And that said: another year I came down to Potes the day before that Friday and could find nothing so took a bus to the coast. The friendly woman in the Turismo in Llanes actually giggled when I asked if she could help me find a room. I did, at €:eek: a night.

I hate the regime of booking ahead. For that reason alone I avoid rural Spain in Semana Santa. Well, to be honest it's 'cos my old bones can't cope with a night in a church porch or an Invierno anymore, though I like to think its because I want to avoid inconveniencing mamá.
 
Faye, I can't speak directly to your itinerary but I can relate to Semana Santa and deep rural Spain. For many years I hiked the Picos de Europa in March & April. The audit year had finished and I was permitted two or even three weeks continuous leave. My trips frequently coincided with Semana Santa. One of the things I learnt were just how many of those young people who had left their rural villages to work in Bilbao, Santander, Gijon, Madrid, came home to mamá for Easter. And brought their young families with them. The result was that accommodation was not booked-out but was simply not available. The local Fondas & Hostales were not taking paying customers. They were full of family. One night, Black Friday, in La Hermida I was offered the opportunity to sleep in the back of an estate car (station wagon) once the family had unpacked their luggage & kids. All of which is to say that if you decide to head for the Olivado take a bivvy and a warm sleeping bag.

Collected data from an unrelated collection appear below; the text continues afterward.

(* A single failure-free execution with three processes refutes the property.  Processes 0 and 1
   are wise and form the maximal guild; process 2 is correct but naive (its fail-prone system is
   empty) and its only quorum is the empty set, so it distributes S = T = {} at once.  The quorums
   {0,2} and {1,2} meet in 2, which makes the quorum system consistent.  Process 0 runs all three
   phases on {0,2} before hearing from 1 and ag-delivers {(0,x0),(2,x2)}; symmetrically process 1
   ag-delivers {(1,x1),(2,x2)} via {1,2}.  Every quorum of 0 or 1 contains 0 or 1, whose value is
   missing from the other delivered set, so no common core exists. *)

lemma handle_keeps_outputs [simp]:
  "sentS (handle i e st) = sentS st" "sentT (handle i e st) = sentT st"
  "agdel (handle i e st) = agdel st"
  by (induction i e st rule: handle.induct) simp_all

lemma fire_outputs [simp]:
  "sentS (fire Qi st) =
     (if sentS st = None \<and> (\<exists>Q\<in>Qi. Q \<subseteq> arb_from st) then Some (Sset st) else sentS st)"
  "sentT (fire Qi st) =
     (if sentT st = None \<and> (\<exists>Q\<in>Qi. Q \<subseteq> dS_from st) then Some (Tset st) else sentT st)"
  "agdel (fire Qi st) =
     (if agdel st = None \<and> (\<exists>Q\<in>Qi. Q \<subseteq> dT_from st) then Some (Uset st) else agdel st)"
  by (simp_all add: fire_def Let_def)

lemma downclose_simps [simp]: "downclose {} = {}" "downclose {{}} = {{}}"
  by (auto simp: downclose_def)

lemma write_once_stable:
  assumes keep: "\<And>n. out n \<noteq> None \<Longrightarrow> out (Suc n) = out n"
    and "out m = Some y" "m \<le> n"
  shows "out n = Some y"
  using assms(3,2) by (induction n rule: dec_induct) (simp_all add: keep)

lemma write_once_unique:
  assumes keep: "\<And>n. out n \<noteq> None \<Longrightarrow> out (Suc n) = out n"
    and "out m = Some x" "out n = Some y"
  shows "x = y"
  using write_once_stable[of out, OF keep] assms(2,3) by (metis le_cases option.inject)
lemma D_H2_traj_le_bracket_affinity:
  fixes \<theta> \<theta>s :: "('o::finite,'a::finite) model"
  assumes bracket: "is_bracket H \<eta> l g"
    and cover: "in_bracket H l g \<theta>"
  shows "D_H2 (traj \<theta> \<pi> H) (traj \<theta>s \<pi> H) \<le> 4/3 * (1 - bracket_affinity H \<theta>s \<pi> g) + 8/3 * \<eta>"
proof -
  let ?P = "pmf (traj \<theta> \<pi> H)" and ?S = "pmf (traj \<theta>s \<pi> H)"
  have g: "0 \<le> g x" and P: "?P x = model_prob \<theta> x * pol_prob \<pi> x" if "x \<in> histories H" for x
    using that cover model_prob_nonneg[of \<theta> x] by (auto simp: in_bracket_def pmf_traj intro: order_trans)
  have "(\<Sum>x\<in>histories H. (sqrt (g x * pol_prob \<pi> x))\<^sup>2 - (sqrt (?P x))\<^sup>2)
      = (\<Sum>x\<in>histories H. (g x - model_prob \<theta> x) * pol_prob \<pi> x)"
    by (intro sum.cong refl) (simp add: P g pol_prob_nonneg model_prob_nonneg algebra_simps)
  also have "\<dots> \<le> (\<Sum>x\<in>histories H. \<bar>l x - g x\<bar> * pol_prob \<pi> x)"
    using cover by (intro sum_mono mult_right_mono) (auto simp: in_bracket_def pol_prob_nonneg)
  also have "\<dots> \<le> \<eta>"
    using bracket_width_less[OF bracket] by (rule less_imp_le)
  finally have excess: "(\<Sum>x\<in>histories H. (sqrt (g x * pol_prob \<pi> x))\<^sup>2 - (sqrt (?P x))\<^sup>2) \<le> \<eta>" .
  have "1 - (\<Sum>x\<in>histories H. sqrt (?P x) * sqrt (?S x))
      \<le> 4/3 * (1 - (\<Sum>x\<in>histories H. sqrt (g x * pol_prob \<pi> x) * sqrt (?S x))) + 8/3 * \<eta>"
  proof (rule affinity_gap_le_upper_envelope[OF finite_histories _ _ _ _ excess])
    fix x :: "('o,'a) hist" assume x: "x \<in> histories H"
    show "sqrt (?P x) \<le> sqrt (g x * pol_prob \<pi> x)"
      using cover x by (simp add: in_bracket_def P mult_right_mono pol_prob_nonneg)
  qed (simp_all add: sum_pmf_traj)
  then show ?thesis
    unfolding bracket_affinity_def
    by (simp add: D_H2_eq_sum[OF finite_histories set_pmf_traj] real_sqrt_mult g)
qed

lemma pmf_traj_le_upper_bracket:
  assumes "in_bracket H l g \<theta>" and "length x = H"
  shows "pmf (traj \<theta> \<pi> H) x \<le> max (g x) 0 * pol_prob \<pi> x"
proof -
  have "pmf (traj \<theta> \<pi> H) x = model_prob \<theta> x * pol_prob \<pi> x"
    using assms(2) by (rule pmf_traj)
  also have "\<dots> \<le> max (g x) 0 * pol_prob \<pi> x"
    using assms unfolding in_bracket_def by (intro mult_right_mono) (auto simp: pol_prob_nonneg)
  finally show ?thesis .
qed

And that said: another year I came down to Potes the day before that Friday and could find nothing so took a bus to the coast. The friendly woman in the Turismo in Llanes actually giggled when I asked if she could help me find a room. I did, at €:eek: a night.

I hate the regime of booking ahead. For that reason alone I avoid rural Spain in Semana Santa. Well, to be honest it's 'cos my old bones can't cope with a night in a church porch or an Invierno anymore, though I like to think its because I want to avoid inconveniencing mamá.
I don't like booking ahead either because it locks my feet into distances I might regret. OTOH... I did Arzua to SdC in one day because we had not been able to find any place to sleep in the little villages before Arzua (Ribadiseo something something?) so one can get locked in because one has *not* secured anything either.

But it sounds, @Tincatinker like you are suggesting that my Norte plans are less precarious than my Olvidado hopes... Yes?

With arthritis in 3 regions of my spine now, I'm a little disinclined to sleep on the church steps myself...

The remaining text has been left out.